Azar Fred S, Lee Kijoon, Khamene Ali, Choe Regine, Corlu Alper, Konecky Soren D, Sauer Frank, Yodh Arjun G
Siemens Corporate Research, Department of Imaging and Visualization, 755 College Road East Princeton, New Jersy 08540, USA.
J Biomed Opt. 2007 Sep-Oct;12(5):051902. doi: 10.1117/1.2798630.

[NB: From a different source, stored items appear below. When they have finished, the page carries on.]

(* Let $t\ge2$, $a\in\{0,1\}$, let $\pi$ be a partition with $t$-core $\kappa$, let $(n_0,\dots,n_{t-1})$ be the $n$-vector of $\kappa$, and let $(\hat\pi_0,\dots,\hat\pi_{t-1})$ be the $t$-quotient of $\pi$. If $t\equiv 2a\pmod 4$, then \[ \mathrm{srank}(\pi)\equiv\mathrm{srank}(\kappa)+2a\sum_{i=0}^{t-1}|\hat\pi_i|\pmod4. \] If $t\equiv 1+2a\pmod4$, then \[ \mathrm{srank}(\pi)\equiv\mathrm{srank}(\kappa)+2\sum_{i=0}^{t-1}(n_i+i+a)|\hat\pi_i|+\sum_{i=0}^{t-1}\mathrm{srank}(\hat\pi_i)\pmod4. \]
   Context: For a partition $\pi$, $|\pi|$ is the sum of parts, $\pi'$ its conjugate, $\mathcal O(\pi)$ the number of odd parts, and $\mathrm{srank}(\pi)=\mathcal O(\pi)-\mathcal O(\pi')$. A $t$-core is a partition with no rim hook of length $t$; the $t$-core of $\pi$ is obtained by successively removing rim hooks of length $t$ as long as possible. The cell in row $a'$, column $b'$ of a Young diagram is labelled by $b'-a' \bmod t$. For a $t$-core $\kappa$ with $r_i$ cells labelled $i$, the $n$-vector is $(r_0-r_1,r_1-r_2,\dots,r_{t-1}-r_0)$. $t$-quotient: for $\pi=(\lambda_1\ge\lambda_2\ge\cdots)$ with $\lambda_j=0$ for large $j$, let $S=\{\lambda_j-j:j\ge1\}$ and for $0\le c\le t-1$ let $S_c=\{k\in\mathbb Z: tk+c\in S\}$. Then $\hat\pi_c$ is the partition whose parts are the numbers $\#\{s\in S_c:s>g\}$ as $g$ ranges over integers not in $S_c$ (only finitely many are positive). The $t$-quotient is $(\hat\pi_0,\dots,\hat\pi_{t-1})$, and $|\pi|=|\kappa|+t\sum_i|\hat\pi_i|$. *)

theory Defs
  imports Main
begin

definition is_partition :: "nat list \<Rightarrow> bool" where
  "is_partition xs \<longleftrightarrow> sorted_wrt (\<ge>) xs \<and> 0 \<notin> set xs"

definition psize :: "nat list \<Rightarrow> nat" where
  "psize xs = sum_list xs"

We present a novel methodology for combining breast image data obtained at different times, in different geometries, and by different techniques. We combine data based on diffuse optical tomography (DOT) and magnetic resonance imaging (MRI). The software platform integrates advanced multimodal registration and segmentation algorithms, requires minimal user experience, and employs computationally efficient techniques. The resulting superposed 3-D tomographs facilitate tissue analyses based on structural and functional data derived from both modalities, and readily permit enhancement of DOT data reconstruction using MRI-derived a-priori structural information. We demonstrate the multimodal registration method using a simulated phantom, and we present initial patient studies that confirm that tumorous regions in a patient breast found by both imaging modalities exhibit significantly higher total hemoglobin concentration (THC) than surrounding normal tissues. The average THC in the tumorous regions is one to three standard deviations larger than the overall breast average THC for all patients.
我们提出了一种新颖的方法,用于组合在不同时间、不同几何形状以及通过不同技术获取的乳腺图像数据。我们基于漫射光学断层扫描(DOT)和磁共振成像(MRI)对数据进行组合。该软件平台集成了先进的多模态配准和分割算法,所需用户经验极少,并采用了计算效率高的技术。由此产生的叠加三维断层图像有助于基于从两种模态获得的结构和功能数据进行组织分析,并且能够利用MRI衍生的先验结构信息轻松增强DOT数据重建。我们使用模拟体模演示了多模态配准方法,并展示了初步的患者研究,这些研究证实,两种成像模态在患者乳腺中发现的肿瘤区域的总血红蛋白浓度(THC)明显高于周围正常组织。所有患者肿瘤区域的平均THC比整个乳腺的平均THC大1至3个标准差。